* **What is required**
Set down exactly the lines of the listing below, please, beginning with the first and ending with the line that holds "c_k t)^2 of".

* **Data supplied**
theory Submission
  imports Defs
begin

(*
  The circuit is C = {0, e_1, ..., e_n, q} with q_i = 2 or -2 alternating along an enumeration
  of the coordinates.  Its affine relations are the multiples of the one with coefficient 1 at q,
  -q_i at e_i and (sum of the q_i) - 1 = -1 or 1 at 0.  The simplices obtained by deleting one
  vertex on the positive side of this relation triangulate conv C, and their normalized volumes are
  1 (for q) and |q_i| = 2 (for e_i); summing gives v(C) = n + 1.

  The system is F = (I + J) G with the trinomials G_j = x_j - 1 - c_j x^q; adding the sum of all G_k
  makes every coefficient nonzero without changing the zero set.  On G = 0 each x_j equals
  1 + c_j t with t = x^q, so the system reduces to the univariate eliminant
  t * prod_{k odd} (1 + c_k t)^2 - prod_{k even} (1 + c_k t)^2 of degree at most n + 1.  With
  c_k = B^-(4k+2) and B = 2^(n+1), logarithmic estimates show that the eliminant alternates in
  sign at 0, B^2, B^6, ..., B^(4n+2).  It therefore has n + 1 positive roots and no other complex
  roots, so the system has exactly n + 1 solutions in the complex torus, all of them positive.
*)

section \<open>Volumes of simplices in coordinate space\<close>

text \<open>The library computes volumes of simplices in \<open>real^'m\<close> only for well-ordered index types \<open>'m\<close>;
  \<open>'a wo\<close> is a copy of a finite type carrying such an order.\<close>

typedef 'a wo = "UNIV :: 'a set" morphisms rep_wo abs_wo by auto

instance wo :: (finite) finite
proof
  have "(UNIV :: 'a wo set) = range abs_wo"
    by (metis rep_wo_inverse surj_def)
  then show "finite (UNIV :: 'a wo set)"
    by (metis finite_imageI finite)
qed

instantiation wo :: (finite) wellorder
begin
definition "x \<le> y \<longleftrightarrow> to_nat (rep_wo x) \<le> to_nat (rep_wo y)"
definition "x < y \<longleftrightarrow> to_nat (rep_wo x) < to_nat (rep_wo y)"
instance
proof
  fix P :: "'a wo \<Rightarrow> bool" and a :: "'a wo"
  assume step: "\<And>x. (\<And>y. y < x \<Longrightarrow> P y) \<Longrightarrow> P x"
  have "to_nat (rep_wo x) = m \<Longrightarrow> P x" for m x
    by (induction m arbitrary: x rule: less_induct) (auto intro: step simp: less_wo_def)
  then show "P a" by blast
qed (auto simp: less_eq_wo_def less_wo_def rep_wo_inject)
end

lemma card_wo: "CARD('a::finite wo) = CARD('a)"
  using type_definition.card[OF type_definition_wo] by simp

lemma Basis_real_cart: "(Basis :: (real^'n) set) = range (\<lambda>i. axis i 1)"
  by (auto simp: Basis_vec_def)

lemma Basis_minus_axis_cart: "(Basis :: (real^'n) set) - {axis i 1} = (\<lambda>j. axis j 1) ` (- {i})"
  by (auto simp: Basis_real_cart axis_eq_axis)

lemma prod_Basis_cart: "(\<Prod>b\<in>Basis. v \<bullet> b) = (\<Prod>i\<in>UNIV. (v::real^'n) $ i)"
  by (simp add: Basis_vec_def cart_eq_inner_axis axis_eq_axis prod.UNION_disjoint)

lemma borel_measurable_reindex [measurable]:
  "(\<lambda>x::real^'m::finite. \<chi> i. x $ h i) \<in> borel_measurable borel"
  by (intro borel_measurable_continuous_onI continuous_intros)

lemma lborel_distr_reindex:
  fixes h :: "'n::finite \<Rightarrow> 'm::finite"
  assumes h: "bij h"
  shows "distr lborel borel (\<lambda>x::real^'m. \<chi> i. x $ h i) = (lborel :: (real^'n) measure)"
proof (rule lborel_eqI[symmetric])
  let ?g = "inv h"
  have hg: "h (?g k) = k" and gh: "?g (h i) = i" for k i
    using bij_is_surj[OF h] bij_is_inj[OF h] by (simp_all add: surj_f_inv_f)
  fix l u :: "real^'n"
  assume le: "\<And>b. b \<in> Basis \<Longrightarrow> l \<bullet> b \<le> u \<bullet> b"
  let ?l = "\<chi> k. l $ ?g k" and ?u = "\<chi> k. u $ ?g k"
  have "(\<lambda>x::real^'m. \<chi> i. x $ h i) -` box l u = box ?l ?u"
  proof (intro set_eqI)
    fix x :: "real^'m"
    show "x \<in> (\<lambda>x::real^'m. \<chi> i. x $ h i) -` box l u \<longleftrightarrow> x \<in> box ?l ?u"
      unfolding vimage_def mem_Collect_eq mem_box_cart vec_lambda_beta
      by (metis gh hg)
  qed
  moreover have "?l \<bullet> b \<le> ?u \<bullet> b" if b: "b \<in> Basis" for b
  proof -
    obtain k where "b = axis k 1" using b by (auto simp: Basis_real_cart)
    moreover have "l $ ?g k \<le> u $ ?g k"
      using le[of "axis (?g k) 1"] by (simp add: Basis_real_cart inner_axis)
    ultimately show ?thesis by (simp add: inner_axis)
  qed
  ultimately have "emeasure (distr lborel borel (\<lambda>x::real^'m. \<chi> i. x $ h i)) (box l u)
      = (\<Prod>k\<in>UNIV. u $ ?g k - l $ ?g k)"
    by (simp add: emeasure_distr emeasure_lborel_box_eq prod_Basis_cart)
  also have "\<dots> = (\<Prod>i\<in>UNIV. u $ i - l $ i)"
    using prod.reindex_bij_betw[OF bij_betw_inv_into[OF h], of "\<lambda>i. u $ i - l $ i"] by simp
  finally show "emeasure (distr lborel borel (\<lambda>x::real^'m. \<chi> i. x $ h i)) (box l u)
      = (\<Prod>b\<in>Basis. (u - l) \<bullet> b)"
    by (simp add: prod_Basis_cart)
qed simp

* **Written solution**
theory Submission
  imports Defs
begin

(*
  The circuit is C = {0, e_1, ..., e_n, q} with q_i = 2 or -2 alternating along an enumeration
  of the coordinates.  Its affine relations are the multiples of the one with coefficient 1 at q,
  -q_i at e_i and (sum of the q_i) - 1 = -1 or 1 at 0.  The simplices obtained by deleting one
  vertex on the positive side of this relation triangulate conv C, and their normalized volumes are
  1 (for q) and |q_i| = 2 (for e_i); summing gives v(C) = n + 1.

  The system is F = (I + J) G with the trinomials G_j = x_j - 1 - c_j x^q; adding the sum of all G_k
  makes every coefficient nonzero without changing the zero set.  On G = 0 each x_j equals
  1 + c_j t with t = x^q, so the system reduces to the univariate eliminant
  t * prod_{k odd} (1 + c_k t)^2 - prod_{k even} (1 + c_k t)^2 of degree at most n + 1.  With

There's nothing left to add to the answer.